*EXERCISE*.
Please return all lines in the listing holding the word "moreover".

== RAW DATA

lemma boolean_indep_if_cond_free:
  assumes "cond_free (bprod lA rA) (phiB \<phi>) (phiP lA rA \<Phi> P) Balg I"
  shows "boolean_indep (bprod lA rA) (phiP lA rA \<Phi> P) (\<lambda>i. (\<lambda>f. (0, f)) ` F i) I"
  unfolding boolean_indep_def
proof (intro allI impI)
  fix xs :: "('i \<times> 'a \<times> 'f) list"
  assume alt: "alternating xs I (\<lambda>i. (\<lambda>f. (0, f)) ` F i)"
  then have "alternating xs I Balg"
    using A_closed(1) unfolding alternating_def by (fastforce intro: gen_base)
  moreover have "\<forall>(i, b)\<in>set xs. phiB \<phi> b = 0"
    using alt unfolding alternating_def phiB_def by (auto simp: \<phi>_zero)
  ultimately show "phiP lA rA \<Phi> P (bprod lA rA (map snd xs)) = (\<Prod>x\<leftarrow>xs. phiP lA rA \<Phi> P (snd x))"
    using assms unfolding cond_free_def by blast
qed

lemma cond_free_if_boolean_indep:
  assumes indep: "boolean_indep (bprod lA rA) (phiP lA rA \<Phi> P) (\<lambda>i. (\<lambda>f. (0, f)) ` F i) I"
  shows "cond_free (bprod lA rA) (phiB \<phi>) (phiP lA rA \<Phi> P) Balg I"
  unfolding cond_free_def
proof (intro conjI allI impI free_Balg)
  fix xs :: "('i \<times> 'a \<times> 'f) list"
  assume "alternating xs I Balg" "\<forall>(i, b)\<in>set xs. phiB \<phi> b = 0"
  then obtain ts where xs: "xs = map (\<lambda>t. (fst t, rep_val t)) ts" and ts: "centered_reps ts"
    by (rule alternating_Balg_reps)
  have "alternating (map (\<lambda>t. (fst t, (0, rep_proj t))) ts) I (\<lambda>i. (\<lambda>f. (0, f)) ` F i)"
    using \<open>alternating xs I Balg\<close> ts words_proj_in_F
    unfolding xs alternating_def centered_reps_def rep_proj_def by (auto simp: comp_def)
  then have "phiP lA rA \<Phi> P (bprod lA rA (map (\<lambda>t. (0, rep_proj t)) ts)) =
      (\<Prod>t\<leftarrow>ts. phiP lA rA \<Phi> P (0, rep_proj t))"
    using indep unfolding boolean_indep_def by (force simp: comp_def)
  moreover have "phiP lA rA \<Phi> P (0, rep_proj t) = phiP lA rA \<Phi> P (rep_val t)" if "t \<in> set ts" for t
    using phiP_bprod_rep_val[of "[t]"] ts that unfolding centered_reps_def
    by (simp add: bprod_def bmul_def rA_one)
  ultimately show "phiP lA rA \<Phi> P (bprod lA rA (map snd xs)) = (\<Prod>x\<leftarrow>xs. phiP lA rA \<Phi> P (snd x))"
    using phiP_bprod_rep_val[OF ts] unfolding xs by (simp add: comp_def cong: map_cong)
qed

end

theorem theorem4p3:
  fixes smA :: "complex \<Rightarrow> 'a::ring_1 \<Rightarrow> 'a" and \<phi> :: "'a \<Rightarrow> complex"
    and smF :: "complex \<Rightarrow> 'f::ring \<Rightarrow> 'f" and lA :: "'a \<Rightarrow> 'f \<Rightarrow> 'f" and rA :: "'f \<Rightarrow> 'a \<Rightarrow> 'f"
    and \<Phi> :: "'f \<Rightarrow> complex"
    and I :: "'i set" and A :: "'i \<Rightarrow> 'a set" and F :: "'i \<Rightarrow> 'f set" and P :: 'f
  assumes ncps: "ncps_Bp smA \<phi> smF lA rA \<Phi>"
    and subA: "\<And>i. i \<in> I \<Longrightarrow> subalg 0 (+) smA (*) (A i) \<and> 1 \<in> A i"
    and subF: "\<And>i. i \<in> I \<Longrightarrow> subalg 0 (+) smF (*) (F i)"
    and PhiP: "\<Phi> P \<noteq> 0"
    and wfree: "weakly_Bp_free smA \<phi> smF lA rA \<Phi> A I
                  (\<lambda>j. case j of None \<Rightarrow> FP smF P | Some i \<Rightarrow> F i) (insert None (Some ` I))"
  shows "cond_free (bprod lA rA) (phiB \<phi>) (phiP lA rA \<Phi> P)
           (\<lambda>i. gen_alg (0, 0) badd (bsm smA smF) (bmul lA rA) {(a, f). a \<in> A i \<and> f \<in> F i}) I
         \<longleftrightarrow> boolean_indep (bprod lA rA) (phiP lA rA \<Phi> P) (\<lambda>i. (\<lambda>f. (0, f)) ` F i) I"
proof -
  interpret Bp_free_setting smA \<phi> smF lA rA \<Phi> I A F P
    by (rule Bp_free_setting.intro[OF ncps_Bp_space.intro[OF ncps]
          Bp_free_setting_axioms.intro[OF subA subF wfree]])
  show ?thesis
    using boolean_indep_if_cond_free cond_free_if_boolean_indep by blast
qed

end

====
== RAW DATA

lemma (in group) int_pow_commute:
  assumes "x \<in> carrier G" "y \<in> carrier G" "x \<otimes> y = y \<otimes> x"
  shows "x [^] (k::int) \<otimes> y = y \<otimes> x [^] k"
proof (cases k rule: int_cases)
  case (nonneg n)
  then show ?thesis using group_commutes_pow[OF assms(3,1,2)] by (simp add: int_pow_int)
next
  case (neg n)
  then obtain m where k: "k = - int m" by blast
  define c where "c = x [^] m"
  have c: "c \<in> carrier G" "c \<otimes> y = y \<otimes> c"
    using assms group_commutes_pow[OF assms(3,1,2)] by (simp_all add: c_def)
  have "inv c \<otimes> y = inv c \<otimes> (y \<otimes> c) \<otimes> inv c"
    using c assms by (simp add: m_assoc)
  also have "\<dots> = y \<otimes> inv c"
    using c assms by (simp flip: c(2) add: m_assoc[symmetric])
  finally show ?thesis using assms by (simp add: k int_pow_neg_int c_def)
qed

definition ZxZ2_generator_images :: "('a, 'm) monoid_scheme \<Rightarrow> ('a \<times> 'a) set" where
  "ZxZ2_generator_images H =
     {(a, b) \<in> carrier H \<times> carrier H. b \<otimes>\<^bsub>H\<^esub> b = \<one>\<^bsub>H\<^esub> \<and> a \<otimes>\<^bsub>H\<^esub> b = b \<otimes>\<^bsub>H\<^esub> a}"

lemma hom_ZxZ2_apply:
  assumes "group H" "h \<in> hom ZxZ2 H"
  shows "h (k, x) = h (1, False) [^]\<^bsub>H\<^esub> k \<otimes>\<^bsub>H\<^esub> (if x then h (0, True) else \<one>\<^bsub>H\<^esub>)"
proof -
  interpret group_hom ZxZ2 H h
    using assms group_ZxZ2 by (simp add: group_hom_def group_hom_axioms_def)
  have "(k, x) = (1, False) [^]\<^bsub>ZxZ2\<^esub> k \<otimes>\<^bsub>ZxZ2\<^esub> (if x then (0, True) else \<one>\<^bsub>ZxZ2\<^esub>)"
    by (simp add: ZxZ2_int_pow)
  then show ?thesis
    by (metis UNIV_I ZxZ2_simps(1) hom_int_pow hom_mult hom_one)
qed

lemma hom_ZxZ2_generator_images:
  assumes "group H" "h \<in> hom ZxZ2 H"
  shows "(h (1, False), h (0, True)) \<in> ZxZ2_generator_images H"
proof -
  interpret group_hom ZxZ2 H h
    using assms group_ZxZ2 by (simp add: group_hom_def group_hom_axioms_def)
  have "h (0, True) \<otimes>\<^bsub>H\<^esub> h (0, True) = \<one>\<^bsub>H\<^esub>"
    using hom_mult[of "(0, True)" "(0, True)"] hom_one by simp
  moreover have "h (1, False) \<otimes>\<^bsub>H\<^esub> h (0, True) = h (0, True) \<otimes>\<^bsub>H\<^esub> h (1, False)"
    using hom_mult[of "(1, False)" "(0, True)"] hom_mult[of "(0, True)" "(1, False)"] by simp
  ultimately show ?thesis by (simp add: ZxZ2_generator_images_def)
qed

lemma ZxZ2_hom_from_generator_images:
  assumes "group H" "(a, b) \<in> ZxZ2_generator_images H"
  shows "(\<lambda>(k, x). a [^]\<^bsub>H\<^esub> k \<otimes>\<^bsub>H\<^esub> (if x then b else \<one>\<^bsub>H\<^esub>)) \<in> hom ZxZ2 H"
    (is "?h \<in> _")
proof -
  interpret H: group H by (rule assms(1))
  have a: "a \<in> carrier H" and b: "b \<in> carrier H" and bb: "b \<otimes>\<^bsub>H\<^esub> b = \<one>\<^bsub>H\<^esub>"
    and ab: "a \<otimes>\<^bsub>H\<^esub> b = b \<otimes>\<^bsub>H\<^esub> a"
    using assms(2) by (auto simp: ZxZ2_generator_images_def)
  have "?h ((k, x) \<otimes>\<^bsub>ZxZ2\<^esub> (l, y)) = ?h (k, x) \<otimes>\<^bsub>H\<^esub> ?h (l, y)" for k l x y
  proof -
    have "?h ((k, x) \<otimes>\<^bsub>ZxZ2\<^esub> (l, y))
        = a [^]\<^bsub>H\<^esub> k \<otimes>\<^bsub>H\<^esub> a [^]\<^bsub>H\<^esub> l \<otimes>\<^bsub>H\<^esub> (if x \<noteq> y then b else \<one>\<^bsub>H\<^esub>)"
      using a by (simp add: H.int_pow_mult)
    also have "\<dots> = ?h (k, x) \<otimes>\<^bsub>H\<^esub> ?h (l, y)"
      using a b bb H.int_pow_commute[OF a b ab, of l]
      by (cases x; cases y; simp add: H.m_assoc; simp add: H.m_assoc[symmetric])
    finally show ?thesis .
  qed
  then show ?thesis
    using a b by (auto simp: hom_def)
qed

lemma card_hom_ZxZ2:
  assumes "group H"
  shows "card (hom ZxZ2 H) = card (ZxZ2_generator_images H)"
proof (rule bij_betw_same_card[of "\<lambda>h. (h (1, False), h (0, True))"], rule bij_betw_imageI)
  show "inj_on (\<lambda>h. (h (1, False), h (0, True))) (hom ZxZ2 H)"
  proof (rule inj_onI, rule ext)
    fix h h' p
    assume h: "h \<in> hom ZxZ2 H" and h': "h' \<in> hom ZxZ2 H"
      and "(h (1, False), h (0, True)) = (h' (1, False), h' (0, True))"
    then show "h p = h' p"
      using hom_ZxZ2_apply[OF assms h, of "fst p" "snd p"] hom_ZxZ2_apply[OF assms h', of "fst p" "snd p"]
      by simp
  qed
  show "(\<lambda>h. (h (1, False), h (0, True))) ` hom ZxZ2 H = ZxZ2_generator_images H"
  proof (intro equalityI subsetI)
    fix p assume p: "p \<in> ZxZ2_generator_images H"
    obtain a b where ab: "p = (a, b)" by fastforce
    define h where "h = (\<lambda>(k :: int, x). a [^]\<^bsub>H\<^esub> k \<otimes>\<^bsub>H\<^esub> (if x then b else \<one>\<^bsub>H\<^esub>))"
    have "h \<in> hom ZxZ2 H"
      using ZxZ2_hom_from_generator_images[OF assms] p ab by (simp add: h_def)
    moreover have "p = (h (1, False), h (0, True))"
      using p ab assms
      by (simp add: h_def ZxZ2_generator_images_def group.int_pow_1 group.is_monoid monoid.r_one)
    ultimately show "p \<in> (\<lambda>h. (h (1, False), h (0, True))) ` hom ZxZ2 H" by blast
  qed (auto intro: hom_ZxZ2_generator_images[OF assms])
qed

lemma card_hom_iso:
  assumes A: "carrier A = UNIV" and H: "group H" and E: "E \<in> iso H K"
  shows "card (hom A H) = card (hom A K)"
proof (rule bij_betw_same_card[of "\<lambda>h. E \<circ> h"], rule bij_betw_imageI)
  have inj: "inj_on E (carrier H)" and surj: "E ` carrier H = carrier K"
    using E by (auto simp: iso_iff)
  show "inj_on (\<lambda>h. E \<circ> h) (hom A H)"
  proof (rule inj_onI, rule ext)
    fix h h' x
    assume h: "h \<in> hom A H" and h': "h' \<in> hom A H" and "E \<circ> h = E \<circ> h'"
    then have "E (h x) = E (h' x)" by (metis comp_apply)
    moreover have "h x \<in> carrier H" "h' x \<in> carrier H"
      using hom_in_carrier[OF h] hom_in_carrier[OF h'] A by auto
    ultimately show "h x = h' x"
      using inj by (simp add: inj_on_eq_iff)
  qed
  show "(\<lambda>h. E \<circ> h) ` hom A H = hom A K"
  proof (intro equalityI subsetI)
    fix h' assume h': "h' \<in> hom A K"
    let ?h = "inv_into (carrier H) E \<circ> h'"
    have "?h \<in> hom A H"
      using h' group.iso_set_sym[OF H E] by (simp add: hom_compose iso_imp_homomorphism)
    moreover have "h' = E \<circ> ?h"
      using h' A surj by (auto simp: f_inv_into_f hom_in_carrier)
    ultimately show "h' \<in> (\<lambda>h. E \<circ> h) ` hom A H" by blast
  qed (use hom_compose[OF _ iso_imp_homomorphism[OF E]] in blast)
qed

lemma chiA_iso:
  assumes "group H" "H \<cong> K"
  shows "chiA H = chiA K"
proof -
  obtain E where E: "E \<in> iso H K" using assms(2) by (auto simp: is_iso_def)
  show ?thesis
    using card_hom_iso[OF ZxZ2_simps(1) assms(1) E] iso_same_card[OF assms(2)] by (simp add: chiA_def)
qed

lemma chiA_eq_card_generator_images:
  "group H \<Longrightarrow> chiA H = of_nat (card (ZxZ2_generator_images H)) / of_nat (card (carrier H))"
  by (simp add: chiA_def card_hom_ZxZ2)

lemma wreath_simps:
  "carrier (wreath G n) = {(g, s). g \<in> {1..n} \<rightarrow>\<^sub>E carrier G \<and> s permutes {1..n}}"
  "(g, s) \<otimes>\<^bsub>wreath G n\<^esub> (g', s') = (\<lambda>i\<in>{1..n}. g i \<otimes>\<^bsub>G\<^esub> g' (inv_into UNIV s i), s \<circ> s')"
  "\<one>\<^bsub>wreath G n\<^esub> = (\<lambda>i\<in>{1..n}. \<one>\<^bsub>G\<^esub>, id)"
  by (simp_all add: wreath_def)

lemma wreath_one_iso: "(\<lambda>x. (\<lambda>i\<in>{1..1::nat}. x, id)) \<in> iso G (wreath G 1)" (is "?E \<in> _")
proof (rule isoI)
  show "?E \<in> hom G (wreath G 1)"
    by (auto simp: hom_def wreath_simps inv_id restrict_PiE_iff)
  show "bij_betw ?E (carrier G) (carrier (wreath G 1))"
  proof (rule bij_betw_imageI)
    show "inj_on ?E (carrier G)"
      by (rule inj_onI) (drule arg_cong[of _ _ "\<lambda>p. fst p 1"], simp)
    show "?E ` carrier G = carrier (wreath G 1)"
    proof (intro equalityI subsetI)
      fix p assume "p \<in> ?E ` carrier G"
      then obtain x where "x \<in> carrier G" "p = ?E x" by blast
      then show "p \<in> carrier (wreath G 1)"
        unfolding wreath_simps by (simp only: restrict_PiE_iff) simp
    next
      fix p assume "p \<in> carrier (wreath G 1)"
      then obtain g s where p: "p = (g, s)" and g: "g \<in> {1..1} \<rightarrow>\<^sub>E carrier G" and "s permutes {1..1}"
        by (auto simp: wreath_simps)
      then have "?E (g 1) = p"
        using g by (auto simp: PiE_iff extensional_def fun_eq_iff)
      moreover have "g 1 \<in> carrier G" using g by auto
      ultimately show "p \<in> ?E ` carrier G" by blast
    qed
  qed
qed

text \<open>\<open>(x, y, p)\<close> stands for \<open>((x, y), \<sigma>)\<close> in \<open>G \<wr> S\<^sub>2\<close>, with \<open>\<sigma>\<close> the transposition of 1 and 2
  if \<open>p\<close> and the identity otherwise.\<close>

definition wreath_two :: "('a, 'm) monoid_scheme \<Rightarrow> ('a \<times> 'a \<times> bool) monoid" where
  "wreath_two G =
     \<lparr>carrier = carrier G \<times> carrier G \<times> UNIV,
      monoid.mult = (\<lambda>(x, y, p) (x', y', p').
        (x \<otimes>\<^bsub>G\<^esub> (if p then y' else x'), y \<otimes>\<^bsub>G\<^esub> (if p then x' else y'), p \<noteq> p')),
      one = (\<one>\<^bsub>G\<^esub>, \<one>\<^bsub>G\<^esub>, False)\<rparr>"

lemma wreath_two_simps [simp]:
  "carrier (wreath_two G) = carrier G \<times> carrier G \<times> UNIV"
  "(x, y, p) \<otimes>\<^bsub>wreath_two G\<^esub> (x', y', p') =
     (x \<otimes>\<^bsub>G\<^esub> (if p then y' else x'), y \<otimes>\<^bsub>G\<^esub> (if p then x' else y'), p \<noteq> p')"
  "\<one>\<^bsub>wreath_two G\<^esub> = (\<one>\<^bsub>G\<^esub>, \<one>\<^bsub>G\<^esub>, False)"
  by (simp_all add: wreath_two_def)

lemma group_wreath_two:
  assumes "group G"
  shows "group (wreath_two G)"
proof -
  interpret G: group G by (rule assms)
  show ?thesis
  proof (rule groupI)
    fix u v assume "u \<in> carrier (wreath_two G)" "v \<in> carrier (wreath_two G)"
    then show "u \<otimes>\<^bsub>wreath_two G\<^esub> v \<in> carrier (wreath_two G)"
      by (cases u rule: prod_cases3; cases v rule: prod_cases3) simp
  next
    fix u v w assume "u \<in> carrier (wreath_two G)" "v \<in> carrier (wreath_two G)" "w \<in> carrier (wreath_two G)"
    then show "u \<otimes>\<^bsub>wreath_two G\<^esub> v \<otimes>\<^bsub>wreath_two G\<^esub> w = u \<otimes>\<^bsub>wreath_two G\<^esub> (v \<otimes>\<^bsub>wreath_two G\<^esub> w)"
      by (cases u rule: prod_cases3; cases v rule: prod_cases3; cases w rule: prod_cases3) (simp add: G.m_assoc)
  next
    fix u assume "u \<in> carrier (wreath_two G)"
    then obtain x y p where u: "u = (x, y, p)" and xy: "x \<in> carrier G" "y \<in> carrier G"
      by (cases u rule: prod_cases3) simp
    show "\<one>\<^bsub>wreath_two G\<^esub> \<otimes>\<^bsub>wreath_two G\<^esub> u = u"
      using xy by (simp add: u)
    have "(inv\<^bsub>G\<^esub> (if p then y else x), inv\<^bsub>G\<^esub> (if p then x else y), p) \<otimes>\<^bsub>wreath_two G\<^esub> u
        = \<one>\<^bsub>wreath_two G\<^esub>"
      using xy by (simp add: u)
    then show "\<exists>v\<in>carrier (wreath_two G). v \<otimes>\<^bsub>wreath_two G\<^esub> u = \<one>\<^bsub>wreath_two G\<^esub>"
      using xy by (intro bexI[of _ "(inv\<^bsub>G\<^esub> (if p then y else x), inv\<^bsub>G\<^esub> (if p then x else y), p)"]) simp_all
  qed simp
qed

====

*WRITTEN RESPONSE*.
  moreover have "\<forall>(i, b)\<in>set xs. phiB \<phi> b = 0"
  moreover have "phiP lA rA \<Phi> P (0, rep_proj t) = phiP lA rA \<Phi> P (rep_val t)" if "t \<in> set ts" for t
  moreover have "h (1, False) \<otimes>\<^bsub>H\<^esub> h (0, True) = h (0, True) \<otimes>\<^bsub>H\<^esub> h (1, False)"
    moreover have "p = (h (1, False), h (0, True))"
    moreover have "h x \<in> carrier H" "h' x \<in> carrier H"
    moreover have "h' = E \<circ> ?h"
      moreover have "g 1 \<in> carrier G" using g by auto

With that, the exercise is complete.